# Fallow Pricket's Luck Ran Out!



## Mattuk (Oct 16, 2010)

No mistakes this morning the alarm went off at 5 and I was in the seat by 5.30. After 5 minutes a menil doe came out and made her way to within 2 yards of the highseat feeding on acorns. She moved on into cover and as the light was coming up a black doe fawn came into the salt lick and stayed for around 10 minutes until she too moved on. At 6.30 I saw the movement of legs in front of me and the black pricket along with 2 well grown fawns came trotting in, he lowered his head to feed and my cross hairs settled on his neck.


----------



## bones44 (Jan 7, 2011)

MMMMM breakfast !


----------



## destructive_mechanic (Jul 22, 2011)

Good job Matt! Thats a pretty animal with a pretty colored hide! It looks kind of like a womeriener dog or something...lol. It would make an awesome rug.


----------



## hassell (Feb 9, 2010)

Congrats. Matt, might be a few tasty morsels on that!!


----------



## Mattuk (Oct 16, 2010)

Thanks guys. I'm sure someone will enjoy him.


----------



## On a call (Mar 3, 2010)

Neck shot ?

Good going Bro !

Glad for ya.


----------



## Antlerz22 (Apr 18, 2011)

If you shot him in the neck, whats the stuff going on -on his head. Looks like a head shot lol. Good shot!


----------



## Mattuk (Oct 16, 2010)

Thank you A22 and Brian. He had his head down feeding and facing away so it went in the bottom of his neck and out just under his right button.


----------



## youngdon (Mar 10, 2010)

Nice shooting Matt. I like the color of that one too.


----------



## Mattuk (Oct 16, 2010)

Thanks Don.
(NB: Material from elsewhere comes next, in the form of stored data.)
(* For $i\in\{1,2\}$ let $\mathcal{P}_i=\mathrm{con}(\mathcal{C}_i)=\mathrm{gen}(\mathcal{G}_i)\subseteq\mathbb{R}^n$ be non-empty NNC polyhedra, with $\mathcal{C}_i$ finite constraint systems and $\mathcal{G}_i=(R_i,P_i,C_i)$ extended generator systems. Then $\mathcal{P}_1\uplus\mathcal{P}_2\neq\mathcal{P}_1\cup\mathcal{P}_2$ if and only if, for some $i,j\in\{1,2\}$ with $i\neq j$, there exists a generator $g_i$ of $\mathcal{G}_i$ that saturates a constraint $\beta_i\in\mathcal{C}_i$ violated by $\mathcal{P}_j$, and at least one of the following holds: (1) $g_i$ is a ray or a closure point of $\mathcal{G}_i$ (i.e., $g_i\in R_i$ or $g_i\in C_i$) that is not subsumed by $\mathcal{P}_j$; (2) $g_i$ is a point of $\mathcal{G}_i$ (i.e., $g_i\in P_i$), $\beta_i$ is non-strict, and $g_i\notin\mathbb{C}(\mathcal{P}_j)$; (3) $\beta_i$ is strict and is saturated by some point $\mathbf{p}\in(\mathcal{P}_1\uplus\mathcal{P}_2)\setminus\mathcal{P}_j$.
   Context: A constraint is either a non-strict inequality $\langle\mathbf{a},\mathbf{x}\rangle\le b$ or a strict inequality $\langle\mathbf{a},\mathbf{x}\rangle<b$, with $\mathbf{a}\in\mathbb{R}^n\setminus\{\mathbf{0}\}$, $b\in\mathbb{R}$ (equalities being treated as pairs of non-strict inequalities). For a finite set $\mathcal{C}$ of constraints, $\mathrm{con}(\mathcal{C})$ is the set of points of $\mathbb{R}^n$ satisfying all of them; such sets are the NNC (not necessarily closed) polyhedra. An extended generator system is a triple $(R,P,C)$ of finite subsets of $\mathbb{R}^n$, $R=\{\mathbf{r}_k\}$, $P=\{\mathbf{p}_k\}$, $C=\{\mathbf{c}_k\}$, with $\mathbf{0}\notin R$, and $\mathrm{gen}((R,P,C))=\{\sum\rho_k\mathbf{r}_k+\sum\sigma_k\mathbf{p}_k+\sum\tau_k\mathbf{c}_k : \rho_k,\sigma_k,\tau_k\ge0,\ (\sigma_k)_k\neq\mathbf{0},\ \sum\sigma_k+\sum\tau_k=1\}$; elements of $R$, $P$, $C$ are called rays, points and closure points of the system, respectively. $\mathbb{C}(S)$ denotes the topological closure of $S$. For a non-empty NNC polyhedron $\mathcal{P}$, a vector $\mathbf{r}\neq\mathbf{0}$ is a ray of $\mathcal{P}$ if $\mathbf{p}+\rho\mathbf{r}\in\mathcal{P}$ for all $\mathbf{p}\in\mathcal{P}$, $\rho\ge0$; a vector $\mathbf{c}$ is a closure point of $\mathcal{P}$ if $\mathbf{c}\in\mathbb{C}(\mathcal{P})$. A polyhedron $\mathcal{P}$ subsumes a point (resp. ray, closure point) $\mathbf{v}$ if $\mathbf{v}$ is a point in $\mathcal{P}$ (resp. a ray of $\mathcal{P}$, a closure point of $\mathcal{P}$). A point or closure point $\mathbf{p}$ saturates a constraint $\langle\mathbf{a},\mathbf{x}\rangle\bowtie b$ ($\bowtie\in\{<,\le\}$) if $\langle\mathbf{a},\mathbf{p}\rangle=b$; a ray $\mathbf{r}$ saturates it if $\langle\mathbf{a},\mathbf{r}\rangle=0$. A polyhedron violates a constraint if some point of it does not satisfy it. $\mathcal{P}_1\uplus\mathcal{P}_2$ is the smallest NNC polyhedron containing $\mathcal{P}_1\cup\mathcal{P}_2$; if $\mathcal{P}_i=\mathrm{gen}((R_i,P_i,C_i))$ then $\mathcal{P}_1\uplus\mathcal{P}_2=\mathrm{gen}((R_1\cup R_2,P_1\cup P_2,C_1\cup C_2))$. *)

theory Defs
  imports "HOL-Analysis.Analysis"
begin

datatype 'v constr = NonStrict 'v real | Strict 'v real

fun constr_normal :: "'v constr \<Rightarrow> 'v" where
  "constr_normal (NonStrict a b) = a"
| "constr_normal (Strict a b) = a"

fun constr_rhs :: "'v constr \<Rightarrow> real" where
  "constr_rhs (NonStrict a b) = b"
| "constr_rhs (Strict a b) = b"

fun is_strict :: "'v constr \<Rightarrow> bool" where
  "is_strict (NonStrict a b) = False"
| "is_strict (Strict a b) = True"

fun satisfies :: "('a::real_inner) \<Rightarrow> 'a constr \<Rightarrow> bool" where
  "satisfies x (NonStrict a b) = (inner a x \<le> b)"
| "satisfies x (Strict a b) = (inner a x < b)"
I remember passing up a massive black buck one summer evening when I was younger because I thought he was to good to shoot, he was jet black. I guess you boys would of had a full neck mount done for that if you'd shot it.


----------



## youngdon (Mar 10, 2010)

Just a full neck mount ?


----------



## Mattuk (Oct 16, 2010)

Why, would you go for a life size full body mount?


----------